*** Supplied material ***

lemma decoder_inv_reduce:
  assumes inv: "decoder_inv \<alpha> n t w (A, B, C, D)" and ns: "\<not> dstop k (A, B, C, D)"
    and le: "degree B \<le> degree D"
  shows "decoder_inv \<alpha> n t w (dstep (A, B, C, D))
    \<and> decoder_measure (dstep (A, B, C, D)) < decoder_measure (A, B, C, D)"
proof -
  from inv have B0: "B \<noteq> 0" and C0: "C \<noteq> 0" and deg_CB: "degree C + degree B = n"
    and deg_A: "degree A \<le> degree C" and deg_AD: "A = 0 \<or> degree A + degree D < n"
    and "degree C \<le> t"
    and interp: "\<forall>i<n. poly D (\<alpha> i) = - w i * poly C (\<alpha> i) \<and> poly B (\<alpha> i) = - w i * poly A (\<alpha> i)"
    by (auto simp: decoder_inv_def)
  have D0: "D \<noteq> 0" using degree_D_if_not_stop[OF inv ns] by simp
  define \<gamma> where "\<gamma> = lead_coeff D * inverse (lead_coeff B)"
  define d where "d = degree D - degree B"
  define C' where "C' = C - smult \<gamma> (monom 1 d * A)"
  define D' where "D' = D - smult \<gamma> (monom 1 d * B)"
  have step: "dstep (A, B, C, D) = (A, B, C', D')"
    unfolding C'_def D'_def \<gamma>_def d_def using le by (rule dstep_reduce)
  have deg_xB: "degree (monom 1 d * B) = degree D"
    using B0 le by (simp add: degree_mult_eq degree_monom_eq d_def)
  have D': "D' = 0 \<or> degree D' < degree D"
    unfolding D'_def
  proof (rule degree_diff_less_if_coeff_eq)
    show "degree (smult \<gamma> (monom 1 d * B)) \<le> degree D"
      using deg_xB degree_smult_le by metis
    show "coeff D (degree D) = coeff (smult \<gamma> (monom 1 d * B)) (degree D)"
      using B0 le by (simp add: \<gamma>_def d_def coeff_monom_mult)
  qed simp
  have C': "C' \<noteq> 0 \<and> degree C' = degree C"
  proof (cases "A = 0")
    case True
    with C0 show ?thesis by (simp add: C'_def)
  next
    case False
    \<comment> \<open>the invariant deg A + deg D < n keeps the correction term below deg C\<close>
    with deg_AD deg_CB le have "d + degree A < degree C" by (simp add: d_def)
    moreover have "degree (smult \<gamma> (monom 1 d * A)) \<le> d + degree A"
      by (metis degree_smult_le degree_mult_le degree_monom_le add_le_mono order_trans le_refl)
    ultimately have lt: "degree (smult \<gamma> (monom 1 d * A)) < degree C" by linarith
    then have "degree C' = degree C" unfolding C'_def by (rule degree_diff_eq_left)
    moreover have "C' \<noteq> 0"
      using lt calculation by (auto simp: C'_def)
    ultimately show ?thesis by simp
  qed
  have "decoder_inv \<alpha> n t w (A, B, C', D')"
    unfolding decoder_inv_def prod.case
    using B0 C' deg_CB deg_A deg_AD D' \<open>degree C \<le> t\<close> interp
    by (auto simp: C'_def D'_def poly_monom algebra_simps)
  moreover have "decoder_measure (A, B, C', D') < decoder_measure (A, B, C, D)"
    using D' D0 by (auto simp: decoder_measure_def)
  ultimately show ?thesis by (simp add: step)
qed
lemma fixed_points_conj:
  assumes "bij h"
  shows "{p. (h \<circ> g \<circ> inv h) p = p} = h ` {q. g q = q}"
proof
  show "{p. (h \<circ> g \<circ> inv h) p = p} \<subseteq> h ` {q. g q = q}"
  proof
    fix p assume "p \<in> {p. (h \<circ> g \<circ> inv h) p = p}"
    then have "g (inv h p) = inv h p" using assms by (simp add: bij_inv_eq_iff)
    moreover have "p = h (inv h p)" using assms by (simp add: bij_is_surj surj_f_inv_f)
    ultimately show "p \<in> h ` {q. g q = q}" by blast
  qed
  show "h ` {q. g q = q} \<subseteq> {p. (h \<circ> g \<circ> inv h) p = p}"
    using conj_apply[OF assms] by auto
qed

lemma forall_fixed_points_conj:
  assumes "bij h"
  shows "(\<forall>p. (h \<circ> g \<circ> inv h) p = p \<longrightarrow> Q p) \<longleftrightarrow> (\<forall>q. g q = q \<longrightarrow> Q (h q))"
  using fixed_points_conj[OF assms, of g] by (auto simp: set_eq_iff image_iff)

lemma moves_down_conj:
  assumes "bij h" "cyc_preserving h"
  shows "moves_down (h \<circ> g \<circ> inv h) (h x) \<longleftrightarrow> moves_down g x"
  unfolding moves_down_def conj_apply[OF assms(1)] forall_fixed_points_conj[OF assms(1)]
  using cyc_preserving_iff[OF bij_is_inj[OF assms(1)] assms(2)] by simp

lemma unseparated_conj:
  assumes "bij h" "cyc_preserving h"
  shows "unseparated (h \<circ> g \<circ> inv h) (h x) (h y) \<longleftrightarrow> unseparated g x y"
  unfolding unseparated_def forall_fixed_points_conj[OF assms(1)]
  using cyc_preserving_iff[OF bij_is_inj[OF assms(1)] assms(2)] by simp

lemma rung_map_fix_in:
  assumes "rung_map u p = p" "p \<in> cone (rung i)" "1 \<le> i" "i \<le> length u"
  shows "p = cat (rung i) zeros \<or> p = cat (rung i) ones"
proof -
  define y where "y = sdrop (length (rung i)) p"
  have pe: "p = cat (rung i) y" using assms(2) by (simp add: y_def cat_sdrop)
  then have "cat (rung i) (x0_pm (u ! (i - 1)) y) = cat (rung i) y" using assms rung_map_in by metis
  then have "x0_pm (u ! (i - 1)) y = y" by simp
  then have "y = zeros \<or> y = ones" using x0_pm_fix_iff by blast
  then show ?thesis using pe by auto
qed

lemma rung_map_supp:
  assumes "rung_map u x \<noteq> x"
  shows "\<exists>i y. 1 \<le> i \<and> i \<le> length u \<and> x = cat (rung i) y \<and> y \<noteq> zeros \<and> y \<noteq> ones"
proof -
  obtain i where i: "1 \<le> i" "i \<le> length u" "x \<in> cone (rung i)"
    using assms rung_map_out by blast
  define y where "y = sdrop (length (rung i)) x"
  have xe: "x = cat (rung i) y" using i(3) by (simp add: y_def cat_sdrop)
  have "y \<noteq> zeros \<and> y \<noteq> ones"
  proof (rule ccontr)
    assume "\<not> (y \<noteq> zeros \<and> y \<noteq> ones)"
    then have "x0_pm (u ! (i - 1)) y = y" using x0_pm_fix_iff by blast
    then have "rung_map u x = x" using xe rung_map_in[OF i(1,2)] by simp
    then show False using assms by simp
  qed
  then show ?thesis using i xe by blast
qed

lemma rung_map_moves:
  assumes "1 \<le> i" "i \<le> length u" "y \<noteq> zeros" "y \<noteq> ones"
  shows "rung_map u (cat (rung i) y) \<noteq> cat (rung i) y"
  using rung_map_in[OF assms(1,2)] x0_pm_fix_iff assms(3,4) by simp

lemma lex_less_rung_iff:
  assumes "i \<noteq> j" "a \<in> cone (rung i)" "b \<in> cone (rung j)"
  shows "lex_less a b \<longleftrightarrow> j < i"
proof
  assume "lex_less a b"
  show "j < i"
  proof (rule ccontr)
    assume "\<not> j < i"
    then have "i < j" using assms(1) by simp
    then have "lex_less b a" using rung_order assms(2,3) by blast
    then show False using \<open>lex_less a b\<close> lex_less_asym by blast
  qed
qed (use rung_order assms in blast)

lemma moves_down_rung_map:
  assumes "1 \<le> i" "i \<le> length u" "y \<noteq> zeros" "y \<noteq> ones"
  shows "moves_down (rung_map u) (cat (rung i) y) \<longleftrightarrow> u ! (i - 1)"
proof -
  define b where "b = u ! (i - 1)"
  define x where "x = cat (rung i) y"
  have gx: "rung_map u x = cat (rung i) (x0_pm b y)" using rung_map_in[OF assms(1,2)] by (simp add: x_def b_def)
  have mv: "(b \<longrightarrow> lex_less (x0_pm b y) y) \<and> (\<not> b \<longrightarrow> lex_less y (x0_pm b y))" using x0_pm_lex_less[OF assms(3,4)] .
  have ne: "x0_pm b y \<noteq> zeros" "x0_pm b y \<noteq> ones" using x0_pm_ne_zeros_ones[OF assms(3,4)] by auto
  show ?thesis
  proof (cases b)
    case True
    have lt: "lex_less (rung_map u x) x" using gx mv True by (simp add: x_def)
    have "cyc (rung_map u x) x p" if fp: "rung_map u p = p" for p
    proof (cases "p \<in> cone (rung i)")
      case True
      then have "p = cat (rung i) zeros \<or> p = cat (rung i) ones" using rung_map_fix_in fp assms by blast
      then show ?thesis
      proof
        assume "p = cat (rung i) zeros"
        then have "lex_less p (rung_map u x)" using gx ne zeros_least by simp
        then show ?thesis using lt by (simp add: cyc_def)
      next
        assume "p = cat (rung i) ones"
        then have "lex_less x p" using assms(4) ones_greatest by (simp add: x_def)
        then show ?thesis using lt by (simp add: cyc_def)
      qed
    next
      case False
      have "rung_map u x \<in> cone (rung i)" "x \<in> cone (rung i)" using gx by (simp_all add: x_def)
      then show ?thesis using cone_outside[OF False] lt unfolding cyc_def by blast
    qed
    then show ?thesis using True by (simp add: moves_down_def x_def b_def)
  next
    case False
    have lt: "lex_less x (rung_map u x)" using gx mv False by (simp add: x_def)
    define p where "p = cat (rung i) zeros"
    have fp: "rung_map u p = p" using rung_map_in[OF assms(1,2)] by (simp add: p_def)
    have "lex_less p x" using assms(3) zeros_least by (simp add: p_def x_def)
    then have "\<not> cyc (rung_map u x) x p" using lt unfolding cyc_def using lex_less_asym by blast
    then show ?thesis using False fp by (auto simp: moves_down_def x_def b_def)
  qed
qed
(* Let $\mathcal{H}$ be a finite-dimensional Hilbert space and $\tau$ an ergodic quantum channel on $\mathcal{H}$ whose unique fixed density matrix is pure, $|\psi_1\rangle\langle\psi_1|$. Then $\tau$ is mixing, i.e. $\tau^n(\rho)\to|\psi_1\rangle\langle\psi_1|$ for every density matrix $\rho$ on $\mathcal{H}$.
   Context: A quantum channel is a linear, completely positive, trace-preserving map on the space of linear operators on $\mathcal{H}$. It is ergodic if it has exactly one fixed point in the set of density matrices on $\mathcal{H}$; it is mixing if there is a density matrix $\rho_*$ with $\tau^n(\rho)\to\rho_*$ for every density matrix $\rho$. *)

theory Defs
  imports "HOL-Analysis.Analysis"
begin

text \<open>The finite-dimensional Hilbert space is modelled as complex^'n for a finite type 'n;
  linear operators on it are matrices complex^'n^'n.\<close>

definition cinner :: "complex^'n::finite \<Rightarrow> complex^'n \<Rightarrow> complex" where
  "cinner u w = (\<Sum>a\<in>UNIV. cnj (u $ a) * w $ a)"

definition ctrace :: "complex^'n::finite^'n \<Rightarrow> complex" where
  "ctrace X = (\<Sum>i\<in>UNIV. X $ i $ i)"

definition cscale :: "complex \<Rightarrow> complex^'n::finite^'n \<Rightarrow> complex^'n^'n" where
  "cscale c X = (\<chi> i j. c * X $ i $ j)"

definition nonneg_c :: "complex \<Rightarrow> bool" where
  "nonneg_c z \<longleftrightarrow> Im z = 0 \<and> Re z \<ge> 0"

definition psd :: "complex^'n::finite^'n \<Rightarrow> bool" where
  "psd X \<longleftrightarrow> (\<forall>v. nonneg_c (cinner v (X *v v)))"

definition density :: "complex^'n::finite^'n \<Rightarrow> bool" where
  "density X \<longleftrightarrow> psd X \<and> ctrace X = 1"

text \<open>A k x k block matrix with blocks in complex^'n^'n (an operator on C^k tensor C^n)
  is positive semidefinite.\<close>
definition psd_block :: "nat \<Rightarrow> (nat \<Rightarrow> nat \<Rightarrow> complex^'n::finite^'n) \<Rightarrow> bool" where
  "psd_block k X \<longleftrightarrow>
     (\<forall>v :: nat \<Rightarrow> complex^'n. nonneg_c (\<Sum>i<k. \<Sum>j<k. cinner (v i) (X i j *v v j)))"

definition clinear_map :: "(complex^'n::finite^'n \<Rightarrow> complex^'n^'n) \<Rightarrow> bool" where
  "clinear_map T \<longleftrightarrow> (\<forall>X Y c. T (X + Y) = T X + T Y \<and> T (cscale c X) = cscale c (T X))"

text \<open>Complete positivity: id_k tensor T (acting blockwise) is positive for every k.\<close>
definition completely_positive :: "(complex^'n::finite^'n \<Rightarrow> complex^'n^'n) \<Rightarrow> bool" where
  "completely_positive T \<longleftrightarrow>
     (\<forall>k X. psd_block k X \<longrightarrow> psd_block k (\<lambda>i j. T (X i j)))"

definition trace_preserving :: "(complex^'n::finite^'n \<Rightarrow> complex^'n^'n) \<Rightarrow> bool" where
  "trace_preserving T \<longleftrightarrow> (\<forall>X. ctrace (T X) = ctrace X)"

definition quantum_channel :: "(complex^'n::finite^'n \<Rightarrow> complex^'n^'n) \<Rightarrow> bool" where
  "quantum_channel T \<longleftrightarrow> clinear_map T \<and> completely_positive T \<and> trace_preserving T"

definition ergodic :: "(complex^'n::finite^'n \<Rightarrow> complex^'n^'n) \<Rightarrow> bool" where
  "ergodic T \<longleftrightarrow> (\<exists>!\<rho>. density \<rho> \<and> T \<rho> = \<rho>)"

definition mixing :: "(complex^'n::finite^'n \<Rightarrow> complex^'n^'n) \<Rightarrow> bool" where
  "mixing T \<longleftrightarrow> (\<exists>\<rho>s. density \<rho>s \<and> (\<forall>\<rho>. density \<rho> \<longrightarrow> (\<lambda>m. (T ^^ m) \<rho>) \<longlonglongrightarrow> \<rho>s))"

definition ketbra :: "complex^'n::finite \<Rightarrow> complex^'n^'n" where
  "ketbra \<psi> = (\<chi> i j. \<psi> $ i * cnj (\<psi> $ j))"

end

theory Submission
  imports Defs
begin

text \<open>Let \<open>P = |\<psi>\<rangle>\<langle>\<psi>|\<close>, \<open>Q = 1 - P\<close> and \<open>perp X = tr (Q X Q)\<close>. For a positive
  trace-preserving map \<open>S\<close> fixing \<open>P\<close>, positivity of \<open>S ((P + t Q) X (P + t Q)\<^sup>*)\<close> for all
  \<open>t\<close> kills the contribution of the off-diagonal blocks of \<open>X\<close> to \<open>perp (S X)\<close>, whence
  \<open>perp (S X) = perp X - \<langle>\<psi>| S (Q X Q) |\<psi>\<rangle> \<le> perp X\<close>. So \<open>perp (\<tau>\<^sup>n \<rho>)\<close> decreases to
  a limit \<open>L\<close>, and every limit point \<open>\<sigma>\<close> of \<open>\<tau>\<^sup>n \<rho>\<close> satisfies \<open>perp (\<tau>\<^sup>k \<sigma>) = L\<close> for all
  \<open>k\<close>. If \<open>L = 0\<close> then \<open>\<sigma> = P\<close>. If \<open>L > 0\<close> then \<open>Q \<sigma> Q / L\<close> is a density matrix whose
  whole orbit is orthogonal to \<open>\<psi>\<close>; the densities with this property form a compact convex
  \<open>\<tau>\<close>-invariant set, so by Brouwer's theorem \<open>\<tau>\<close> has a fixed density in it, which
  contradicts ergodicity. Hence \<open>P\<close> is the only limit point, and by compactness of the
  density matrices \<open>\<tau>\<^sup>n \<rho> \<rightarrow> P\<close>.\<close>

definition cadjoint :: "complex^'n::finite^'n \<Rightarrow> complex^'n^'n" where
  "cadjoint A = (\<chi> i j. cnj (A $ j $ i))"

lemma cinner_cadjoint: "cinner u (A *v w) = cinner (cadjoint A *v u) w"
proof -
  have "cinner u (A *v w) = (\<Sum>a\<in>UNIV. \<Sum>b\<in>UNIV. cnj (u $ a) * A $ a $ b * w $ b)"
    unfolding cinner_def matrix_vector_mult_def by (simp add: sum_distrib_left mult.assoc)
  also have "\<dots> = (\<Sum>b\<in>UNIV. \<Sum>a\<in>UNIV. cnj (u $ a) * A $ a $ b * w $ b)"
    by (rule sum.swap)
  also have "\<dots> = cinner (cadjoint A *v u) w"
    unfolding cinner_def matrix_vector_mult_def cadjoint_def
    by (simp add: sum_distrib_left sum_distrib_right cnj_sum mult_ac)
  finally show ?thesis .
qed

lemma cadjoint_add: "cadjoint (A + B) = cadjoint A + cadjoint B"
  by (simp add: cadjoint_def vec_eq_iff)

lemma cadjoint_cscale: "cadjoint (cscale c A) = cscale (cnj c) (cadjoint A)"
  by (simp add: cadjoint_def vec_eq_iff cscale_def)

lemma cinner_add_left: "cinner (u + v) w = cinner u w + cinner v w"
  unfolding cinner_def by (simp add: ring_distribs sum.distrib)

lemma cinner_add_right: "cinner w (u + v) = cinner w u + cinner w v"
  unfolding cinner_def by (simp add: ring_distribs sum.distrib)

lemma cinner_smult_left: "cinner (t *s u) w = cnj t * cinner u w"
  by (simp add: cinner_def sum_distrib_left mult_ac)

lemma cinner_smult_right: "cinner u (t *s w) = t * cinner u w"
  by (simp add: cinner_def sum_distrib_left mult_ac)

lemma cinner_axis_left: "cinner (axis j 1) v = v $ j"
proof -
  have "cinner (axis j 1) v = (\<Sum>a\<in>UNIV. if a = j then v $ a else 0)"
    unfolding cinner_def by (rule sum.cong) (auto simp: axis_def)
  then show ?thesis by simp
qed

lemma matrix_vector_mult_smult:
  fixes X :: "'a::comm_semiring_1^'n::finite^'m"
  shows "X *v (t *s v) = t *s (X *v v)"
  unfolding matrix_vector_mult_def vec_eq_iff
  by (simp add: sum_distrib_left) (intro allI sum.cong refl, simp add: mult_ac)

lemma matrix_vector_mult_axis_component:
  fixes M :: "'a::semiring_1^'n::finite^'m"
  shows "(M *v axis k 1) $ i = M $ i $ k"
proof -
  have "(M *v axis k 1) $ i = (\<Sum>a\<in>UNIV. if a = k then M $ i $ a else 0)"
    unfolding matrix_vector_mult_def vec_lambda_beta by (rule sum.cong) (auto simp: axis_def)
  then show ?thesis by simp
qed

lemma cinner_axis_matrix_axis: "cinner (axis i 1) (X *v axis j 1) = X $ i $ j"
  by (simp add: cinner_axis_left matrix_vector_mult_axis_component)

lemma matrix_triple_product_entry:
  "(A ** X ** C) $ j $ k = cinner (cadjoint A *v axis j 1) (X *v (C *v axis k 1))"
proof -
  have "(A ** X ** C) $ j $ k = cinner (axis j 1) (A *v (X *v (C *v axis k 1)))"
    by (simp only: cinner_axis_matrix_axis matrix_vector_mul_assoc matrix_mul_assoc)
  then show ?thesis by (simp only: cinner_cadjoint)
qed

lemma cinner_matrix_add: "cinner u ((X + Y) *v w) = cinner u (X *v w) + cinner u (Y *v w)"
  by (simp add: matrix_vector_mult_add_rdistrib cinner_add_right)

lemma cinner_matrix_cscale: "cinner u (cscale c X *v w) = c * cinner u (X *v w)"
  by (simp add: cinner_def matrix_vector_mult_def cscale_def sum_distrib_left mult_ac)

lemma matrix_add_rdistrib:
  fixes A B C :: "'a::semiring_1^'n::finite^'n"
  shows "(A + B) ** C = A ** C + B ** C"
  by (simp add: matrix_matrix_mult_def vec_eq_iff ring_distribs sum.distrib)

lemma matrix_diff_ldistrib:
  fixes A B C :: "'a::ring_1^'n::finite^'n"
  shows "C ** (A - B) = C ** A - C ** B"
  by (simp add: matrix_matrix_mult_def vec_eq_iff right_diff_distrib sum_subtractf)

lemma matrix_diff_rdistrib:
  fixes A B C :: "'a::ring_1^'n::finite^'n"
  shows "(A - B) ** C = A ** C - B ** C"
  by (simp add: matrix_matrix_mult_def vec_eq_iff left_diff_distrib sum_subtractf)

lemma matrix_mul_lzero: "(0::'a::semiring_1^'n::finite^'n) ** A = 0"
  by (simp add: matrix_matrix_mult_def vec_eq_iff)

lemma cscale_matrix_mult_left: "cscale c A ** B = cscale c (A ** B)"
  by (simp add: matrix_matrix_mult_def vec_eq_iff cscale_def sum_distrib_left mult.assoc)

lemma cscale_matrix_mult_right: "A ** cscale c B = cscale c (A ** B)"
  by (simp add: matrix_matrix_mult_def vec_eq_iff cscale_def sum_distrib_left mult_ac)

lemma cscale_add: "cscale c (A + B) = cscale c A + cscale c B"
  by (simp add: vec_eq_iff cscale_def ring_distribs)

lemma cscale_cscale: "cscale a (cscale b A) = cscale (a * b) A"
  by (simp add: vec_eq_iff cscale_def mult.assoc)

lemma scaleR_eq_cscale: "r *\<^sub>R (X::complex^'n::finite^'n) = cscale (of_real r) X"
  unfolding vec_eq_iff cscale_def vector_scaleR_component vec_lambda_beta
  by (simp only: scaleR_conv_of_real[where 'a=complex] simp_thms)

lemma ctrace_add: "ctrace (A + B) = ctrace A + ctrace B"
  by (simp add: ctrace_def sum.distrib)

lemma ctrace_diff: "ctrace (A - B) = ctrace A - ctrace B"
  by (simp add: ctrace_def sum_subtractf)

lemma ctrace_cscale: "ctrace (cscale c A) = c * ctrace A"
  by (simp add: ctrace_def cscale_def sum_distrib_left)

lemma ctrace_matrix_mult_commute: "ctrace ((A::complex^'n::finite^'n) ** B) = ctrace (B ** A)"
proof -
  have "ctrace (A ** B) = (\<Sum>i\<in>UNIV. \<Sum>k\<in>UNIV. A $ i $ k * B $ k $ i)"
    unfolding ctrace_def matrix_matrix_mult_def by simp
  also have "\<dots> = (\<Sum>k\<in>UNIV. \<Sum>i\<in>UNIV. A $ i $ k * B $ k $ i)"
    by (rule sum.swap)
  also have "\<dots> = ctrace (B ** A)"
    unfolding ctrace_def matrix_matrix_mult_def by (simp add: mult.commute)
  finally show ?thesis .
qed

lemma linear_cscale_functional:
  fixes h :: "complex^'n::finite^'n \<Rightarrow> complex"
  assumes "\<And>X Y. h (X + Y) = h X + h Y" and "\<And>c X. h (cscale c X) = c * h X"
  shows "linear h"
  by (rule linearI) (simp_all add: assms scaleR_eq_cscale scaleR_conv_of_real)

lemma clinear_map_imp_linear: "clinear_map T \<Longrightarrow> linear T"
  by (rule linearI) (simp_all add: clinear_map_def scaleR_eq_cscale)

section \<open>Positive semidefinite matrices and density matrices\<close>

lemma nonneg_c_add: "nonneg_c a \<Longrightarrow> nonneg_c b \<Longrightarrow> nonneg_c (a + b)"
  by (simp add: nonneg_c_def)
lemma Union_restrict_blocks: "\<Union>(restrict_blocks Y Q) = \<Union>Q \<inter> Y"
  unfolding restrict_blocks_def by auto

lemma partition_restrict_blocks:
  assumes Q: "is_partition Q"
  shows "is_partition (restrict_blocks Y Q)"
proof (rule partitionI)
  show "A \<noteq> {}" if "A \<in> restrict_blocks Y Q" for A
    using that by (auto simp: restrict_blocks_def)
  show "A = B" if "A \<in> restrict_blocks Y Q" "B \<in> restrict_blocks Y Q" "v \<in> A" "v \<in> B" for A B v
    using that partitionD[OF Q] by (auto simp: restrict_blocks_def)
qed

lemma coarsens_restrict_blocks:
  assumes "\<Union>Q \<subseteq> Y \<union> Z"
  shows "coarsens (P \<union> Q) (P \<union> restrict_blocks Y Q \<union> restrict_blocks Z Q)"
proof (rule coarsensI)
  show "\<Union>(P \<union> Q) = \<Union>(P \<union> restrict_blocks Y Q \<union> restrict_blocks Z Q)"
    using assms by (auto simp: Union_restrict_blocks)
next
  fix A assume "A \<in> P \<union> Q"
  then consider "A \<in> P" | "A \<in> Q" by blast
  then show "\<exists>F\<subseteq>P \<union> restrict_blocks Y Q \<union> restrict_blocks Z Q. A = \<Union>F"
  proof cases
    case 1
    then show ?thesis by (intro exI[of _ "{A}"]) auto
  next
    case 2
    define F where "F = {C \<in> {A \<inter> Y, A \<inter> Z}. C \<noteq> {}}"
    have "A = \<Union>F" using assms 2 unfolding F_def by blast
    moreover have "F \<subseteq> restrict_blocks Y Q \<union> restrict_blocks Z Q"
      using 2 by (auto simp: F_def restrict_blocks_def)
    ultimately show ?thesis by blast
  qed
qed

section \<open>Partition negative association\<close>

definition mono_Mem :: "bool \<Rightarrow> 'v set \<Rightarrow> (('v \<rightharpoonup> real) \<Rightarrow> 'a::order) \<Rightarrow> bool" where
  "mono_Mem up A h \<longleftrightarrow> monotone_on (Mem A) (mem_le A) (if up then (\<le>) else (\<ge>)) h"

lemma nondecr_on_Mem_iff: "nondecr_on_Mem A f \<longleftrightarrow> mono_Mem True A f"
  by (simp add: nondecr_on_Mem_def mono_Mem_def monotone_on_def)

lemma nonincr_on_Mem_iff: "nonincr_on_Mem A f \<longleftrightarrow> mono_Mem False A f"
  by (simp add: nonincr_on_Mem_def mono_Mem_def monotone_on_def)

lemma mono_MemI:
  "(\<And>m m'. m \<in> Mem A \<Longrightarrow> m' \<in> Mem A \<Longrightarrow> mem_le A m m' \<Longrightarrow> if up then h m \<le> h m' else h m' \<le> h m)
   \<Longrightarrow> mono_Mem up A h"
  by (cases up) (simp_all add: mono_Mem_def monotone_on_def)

***

- **Problem statement**: The response should be the listing above, limited to the lines between the one holding "T \<longleftrightarrow> clinear_map" and the one holding "trace-preserving map \<open>S\<close>", inclusive, reproduced exactly.

- **Solution to this problem**:
  "quantum_channel T \<longleftrightarrow> clinear_map T \<and> completely_positive T \<and> trace_preserving T"

definition ergodic :: "(complex^'n::finite^'n \<Rightarrow> complex^'n^'n) \<Rightarrow> bool" where
  "ergodic T \<longleftrightarrow> (\<exists>!\<rho>. density \<rho> \<and> T \<rho> = \<rho>)"

definition mixing :: "(complex^'n::finite^'n \<Rightarrow> complex^'n^'n) \<Rightarrow> bool" where
  "mixing T \<longleftrightarrow> (\<exists>\<rho>s. density \<rho>s \<and> (\<forall>\<rho>. density \<rho> \<longrightarrow> (\<lambda>m. (T ^^ m) \<rho>) \<longlonglongrightarrow> \<rho>s))"

definition ketbra :: "complex^'n::finite \<Rightarrow> complex^'n^'n" where
  "ketbra \<psi> = (\<chi> i j. \<psi> $ i * cnj (\<psi> $ j))"

end

theory Submission
  imports Defs
begin

text \<open>Let \<open>P = |\<psi>\<rangle>\<langle>\<psi>|\<close>, \<open>Q = 1 - P\<close> and \<open>perp X = tr (Q X Q)\<close>. For a positive
  trace-preserving map \<open>S\<close> fixing \<open>P\<close>, positivity of \<open>S ((P + t Q) X (P + t Q)\<^sup>*)\<close> for all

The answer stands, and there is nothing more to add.